Maryland GOP Rep. Roscoe Bartlett, a Republican, said Thursday night he has met with Gov. Martin O’Malley to discuss a recently-released congressional redistricting map, which would put more Democrats in his Western Maryland district and hurt his chances of winning an 11th term.
“I had a very cordial meeting with [Mr.] O’Malley this evening in Annapolis,” Mr. Bartlett, 85, said in a statement. “At a time of the lowest approval rating of Congress in our history, I told Gov. O’Malley that I want to help him strengthen the confidence and trust of Marylanders in Maryland’s delegation in the United States Congress with a redistricting map that respects and accurately reflects the 45 percent of Marylanders who are minorities as well as residents in rural areas.”
SEE RELATED:
Mr. Bartlett suggested “using commonly available tools” to create a revised map that could include three majority-minority districts, two with African American majorities and one a mixed African American-Hispanic minority opportunity district “as well as districts that respect our rural communities.”

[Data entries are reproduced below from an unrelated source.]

(* For a hermitian $n\times n$ matrix $A$, let $\mathbb 1_{A,q}=1$ if $A$ has signature $(n-q,q)$ (i.e. $n-q$ positive and $q$ negative eigenvalues, hence nondegenerate) and $\mathbb 1_{A,q}=0$ otherwise. Then for all hermitian $n\times n$ matrices $A,B$ and all $q$, $$\big|\mathbb 1_{A,q}\det A-\mathbb 1_{B,q}\det B\big|\le\|A-B\|\sum_{0\le i\le n-1}\|A\|^i\|B\|^{n-1-i},$$ where $\|\cdot\|$ is the operator norm. *)

theory Defs
  imports "Jordan_Normal_Form.Char_Poly" "HOL-Computational_Algebra.Polynomial"
begin

definition hermitian_mat :: "nat \<Rightarrow> complex mat \<Rightarrow> bool" where
  "hermitian_mat n A \<longleftrightarrow> A \<in> carrier_mat n n \<and>
     (\<forall>i<n. \<forall>j<n. A $$ (i,j) = cnj (A $$ (j,i)))"

definition vnorm :: "complex vec \<Rightarrow> real" where
  "vnorm v = sqrt (\<Sum>i<dim_vec v. (cmod (v $ i))\<^sup>2)"

definition op_norm :: "complex mat \<Rightarrow> real" where
  "op_norm A = Sup {vnorm (A *\<^sub>v v) | v. v \<in> carrier_vec (dim_col A) \<and> vnorm v \<le> 1}"

definition pos_eig_count :: "complex mat \<Rightarrow> nat" where
  "pos_eig_count A = (\<Sum>x\<in>{x. poly (char_poly A) x = 0 \<and> Im x = 0 \<and> Re x > 0}.
      order x (char_poly A))"

definition neg_eig_count :: "complex mat \<Rightarrow> nat" where
  "neg_eig_count A = (\<Sum>x\<in>{x. poly (char_poly A) x = 0 \<and> Im x = 0 \<and> Re x < 0}.
      order x (char_poly A))"

definition sig_ind :: "nat \<Rightarrow> complex mat \<Rightarrow> nat \<Rightarrow> real" where
  "sig_ind n A q = (if q \<le> n \<and> pos_eig_count A = n - q \<and> neg_eig_count A = q then 1 else 0)"

end

theory Submission
  imports Defs "Jordan_Normal_Form.Schur_Decomposition" "HOL-Analysis.L2_Norm"
    "HOL-Computational_Algebra.Fundamental_Theorem_Algebra"
begin

(* By the spectral theorem A and B are unitarily diagonalizable with real
   eigenvalues a_0 \<ge> ... \<ge> a_{n-1} and b_0 \<ge> ... \<ge> b_{n-1}.  Then det A = \<Prod> a_i,
   |a_i| \<le> \<parallel>A\<parallel>, the signature of A is read off from the signs of the a_i, and Weyl's
   perturbation inequality gives |a_i - b_i| \<le> \<parallel>A - B\<parallel> =: d.  If the indicators agree,
   a telescoping estimate bounds |\<Prod> a_i - \<Prod> b_i|.  If they differ, some index k must have
   |a_k|, |b_k| \<le> d (otherwise all signs agree), and then |\<Prod> a_i| \<le> d \<parallel>A\<parallel>^(n-1) or
   |\<Prod> b_i| \<le> d \<parallel>B\<parallel>^(n-1), each a single term of the sum. *)

definition ctrans :: "complex mat \<Rightarrow> complex mat" where
  "ctrans M = mat (dim_col M) (dim_row M) (\<lambda>(i,j). cnj (M $$ (j,i)))"

definition cinner :: "complex vec \<Rightarrow> complex vec \<Rightarrow> complex" where
  "cinner x y = (\<Sum>i<dim_vec x. x $ i * cnj (y $ i))"

lemma ctrans_carrier[simp]: "M \<in> carrier_mat r c \<Longrightarrow> ctrans M \<in> carrier_mat c r"
  by (auto simp: ctrans_def)

lemma ctrans_dims[simp]: "dim_row (ctrans M) = dim_col M" "dim_col (ctrans M) = dim_row M"
  by (auto simp: ctrans_def)

lemma ctrans_index[simp]:
  "i < dim_col M \<Longrightarrow> j < dim_row M \<Longrightarrow> ctrans M $$ (i,j) = cnj (M $$ (j,i))"
  by (auto simp: ctrans_def)

lemma ctrans_ctrans[simp]: "ctrans (ctrans M) = M"
  by (rule eq_matI) (auto simp: ctrans_def)

lemma ctrans_mult:
  assumes "A \<in> carrier_mat r k" "B \<in> carrier_mat k c"
  shows "ctrans (A * B) = ctrans B * ctrans A"
proof (rule eq_matI)
  fix i j assume "i < dim_row (ctrans B * ctrans A)" "j < dim_col (ctrans B * ctrans A)"
  then have i: "i < c" and j: "j < r" using assms by auto
  have "ctrans (A * B) $$ (i,j) = cnj (\<Sum>l\<in>{0..<k}. A $$ (j,l) * B $$ (l,i))"
    using assms i j by (simp add: ctrans_def scalar_prod_def)
  also have "\<dots> = (\<Sum>l\<in>{0..<k}. cnj (B $$ (l,i)) * cnj (A $$ (j,l)))"
    by (simp add: mult.commute)
  also have "\<dots> = (ctrans B * ctrans A) $$ (i,j)"
    using assms i j by (simp add: ctrans_def scalar_prod_def)
  finally show "ctrans (A * B) $$ (i,j) = (ctrans B * ctrans A) $$ (i,j)" .
qed (use assms in auto)

lemma hermitian_iff_ctrans: "hermitian_mat n A \<longleftrightarrow> A \<in> carrier_mat n n \<and> ctrans A = A"
proof
  assume h: "hermitian_mat n A"
  then have A: "A \<in> carrier_mat n n" by (simp add: hermitian_mat_def)
  have "ctrans A = A"
  proof (rule eq_matI)
    fix i j assume "i < dim_row A" "j < dim_col A"
    then show "ctrans A $$ (i,j) = A $$ (i,j)"
      using h A unfolding hermitian_mat_def by (metis complex_cnj_cnj ctrans_index carrier_matD)
  qed (use A in simp_all)
  with A show "A \<in> carrier_mat n n \<and> ctrans A = A" by blast
next
  assume "A \<in> carrier_mat n n \<and> ctrans A = A"
  then show "hermitian_mat n A" unfolding hermitian_mat_def
    by (metis carrier_matD ctrans_index)
qed

lemma cinner_mult:
  assumes A: "A \<in> carrier_mat r c" and x: "x \<in> carrier_vec c" and y: "y \<in> carrier_vec r"
  shows "cinner (A *\<^sub>v x) y = cinner x (ctrans A *\<^sub>v y)"
proof -
  have "cinner (A *\<^sub>v x) y = (\<Sum>i<r. (\<Sum>j\<in>{0..<c}. A $$ (i,j) * x $ j) * cnj (y $ i))"
    using A x y by (simp add: cinner_def scalar_prod_def)
  also have "\<dots> = (\<Sum>i<r. \<Sum>j<c. A $$ (i,j) * x $ j * cnj (y $ i))"
    by (simp add: sum_distrib_right atLeast0LessThan)
  also have "\<dots> = (\<Sum>j<c. \<Sum>i<r. A $$ (i,j) * x $ j * cnj (y $ i))"
    by (rule sum.swap)
  also have "\<dots> = (\<Sum>j<c. x $ j * cnj (\<Sum>i\<in>{0..<r}. cnj (A $$ (i,j)) * y $ i))"
    by (simp add: sum_distrib_left atLeast0LessThan mult_ac)
  also have "\<dots> = cinner x (ctrans A *\<^sub>v y)"
    using A x y by (simp add: cinner_def scalar_prod_def)
  finally show ?thesis .
qed

lemma cinner_smult_left: "cinner (c \<cdot>\<^sub>v x) y = c * cinner x y"
  unfolding cinner_def by (simp add: sum_distrib_left mult.assoc)

lemma cinner_smult_right: "dim_vec y = dim_vec x \<Longrightarrow> cinner x (c \<cdot>\<^sub>v y) = cnj c * cinner x y"
  unfolding cinner_def by (simp add: sum_distrib_left mult_ac)

lemma cinner_minus_left: "dim_vec u = dim_vec w \<Longrightarrow> cinner (u - w) y = cinner u y - cinner w y"
  unfolding cinner_def by (simp add: sum_subtractf[symmetric] algebra_simps)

Mr. O’Malley could make changes to the map, drawn by his governor-appointed panel, before it is submitted to the General Assembly, which will review the map in a special session that begins Oct. 17.
The map by the five-member panel would remove conservative sections of Baltimore, Carroll, Frederick and Harford counties from Mr. Bartlett’s Western Maryland 6th Congressional District — replacing them with the more Democratic western half of Montgomery County.
State officials must redraw the state’s eight congressional districts this year to keep them relatively equal in population according to last year’s census numbers.